_What you need to do_
Which lines come from the start of the records through the line that holds "(2*m-2) G0) (length"? Write them out word for word.

(Stored data entries)
== Segment start ==

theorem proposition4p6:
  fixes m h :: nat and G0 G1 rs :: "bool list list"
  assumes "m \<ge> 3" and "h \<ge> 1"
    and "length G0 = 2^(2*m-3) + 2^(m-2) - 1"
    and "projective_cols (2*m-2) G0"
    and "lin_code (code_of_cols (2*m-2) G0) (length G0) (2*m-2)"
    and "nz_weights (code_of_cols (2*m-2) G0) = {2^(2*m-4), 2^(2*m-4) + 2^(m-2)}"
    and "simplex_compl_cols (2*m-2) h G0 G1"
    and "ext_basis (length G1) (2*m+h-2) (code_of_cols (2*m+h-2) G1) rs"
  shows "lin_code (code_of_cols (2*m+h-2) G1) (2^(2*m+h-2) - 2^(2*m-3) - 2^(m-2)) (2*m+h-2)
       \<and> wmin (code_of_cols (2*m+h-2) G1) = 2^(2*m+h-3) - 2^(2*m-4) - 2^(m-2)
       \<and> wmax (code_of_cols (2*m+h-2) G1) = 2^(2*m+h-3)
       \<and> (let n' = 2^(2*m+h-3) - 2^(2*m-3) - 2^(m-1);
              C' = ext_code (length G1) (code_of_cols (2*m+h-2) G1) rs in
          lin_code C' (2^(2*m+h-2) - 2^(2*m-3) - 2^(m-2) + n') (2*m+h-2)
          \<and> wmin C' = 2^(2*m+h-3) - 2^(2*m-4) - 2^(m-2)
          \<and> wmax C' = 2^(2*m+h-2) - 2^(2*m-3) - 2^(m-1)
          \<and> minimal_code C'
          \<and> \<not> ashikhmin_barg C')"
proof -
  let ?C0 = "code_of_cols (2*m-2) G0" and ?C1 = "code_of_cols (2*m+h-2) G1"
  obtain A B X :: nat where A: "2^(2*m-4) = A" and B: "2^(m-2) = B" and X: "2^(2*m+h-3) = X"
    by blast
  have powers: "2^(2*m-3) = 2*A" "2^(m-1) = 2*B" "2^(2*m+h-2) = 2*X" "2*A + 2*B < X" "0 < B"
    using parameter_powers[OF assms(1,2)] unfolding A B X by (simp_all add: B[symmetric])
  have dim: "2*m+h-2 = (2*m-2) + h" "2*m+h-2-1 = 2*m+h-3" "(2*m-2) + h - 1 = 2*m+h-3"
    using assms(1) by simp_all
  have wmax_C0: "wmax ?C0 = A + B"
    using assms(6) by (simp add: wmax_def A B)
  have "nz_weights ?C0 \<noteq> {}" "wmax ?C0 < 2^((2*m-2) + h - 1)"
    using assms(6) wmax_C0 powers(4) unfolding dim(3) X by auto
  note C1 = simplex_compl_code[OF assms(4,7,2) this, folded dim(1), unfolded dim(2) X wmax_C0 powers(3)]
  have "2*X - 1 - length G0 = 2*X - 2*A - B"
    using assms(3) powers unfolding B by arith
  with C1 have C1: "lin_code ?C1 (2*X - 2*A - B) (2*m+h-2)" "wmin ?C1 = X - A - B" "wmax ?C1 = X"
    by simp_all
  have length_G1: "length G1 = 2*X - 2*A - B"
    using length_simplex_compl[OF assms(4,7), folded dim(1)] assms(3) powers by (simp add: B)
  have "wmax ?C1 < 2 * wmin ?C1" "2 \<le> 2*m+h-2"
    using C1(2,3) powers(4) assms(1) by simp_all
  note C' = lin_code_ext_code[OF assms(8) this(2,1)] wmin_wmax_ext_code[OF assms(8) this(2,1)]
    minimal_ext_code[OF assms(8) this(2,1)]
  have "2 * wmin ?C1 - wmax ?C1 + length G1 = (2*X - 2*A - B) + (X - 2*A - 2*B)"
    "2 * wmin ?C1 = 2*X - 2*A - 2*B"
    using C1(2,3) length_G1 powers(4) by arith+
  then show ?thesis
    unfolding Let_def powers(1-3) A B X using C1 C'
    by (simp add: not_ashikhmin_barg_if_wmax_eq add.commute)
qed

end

== Segment end ==

_Expected answer_
theorem proposition4p6:
  fixes m h :: nat and G0 G1 rs :: "bool list list"
  assumes "m \<ge> 3" and "h \<ge> 1"
    and "length G0 = 2^(2*m-3) + 2^(m-2) - 1"
    and "projective_cols (2*m-2) G0"
    and "lin_code (code_of_cols (2*m-2) G0) (length G0) (2*m-2)"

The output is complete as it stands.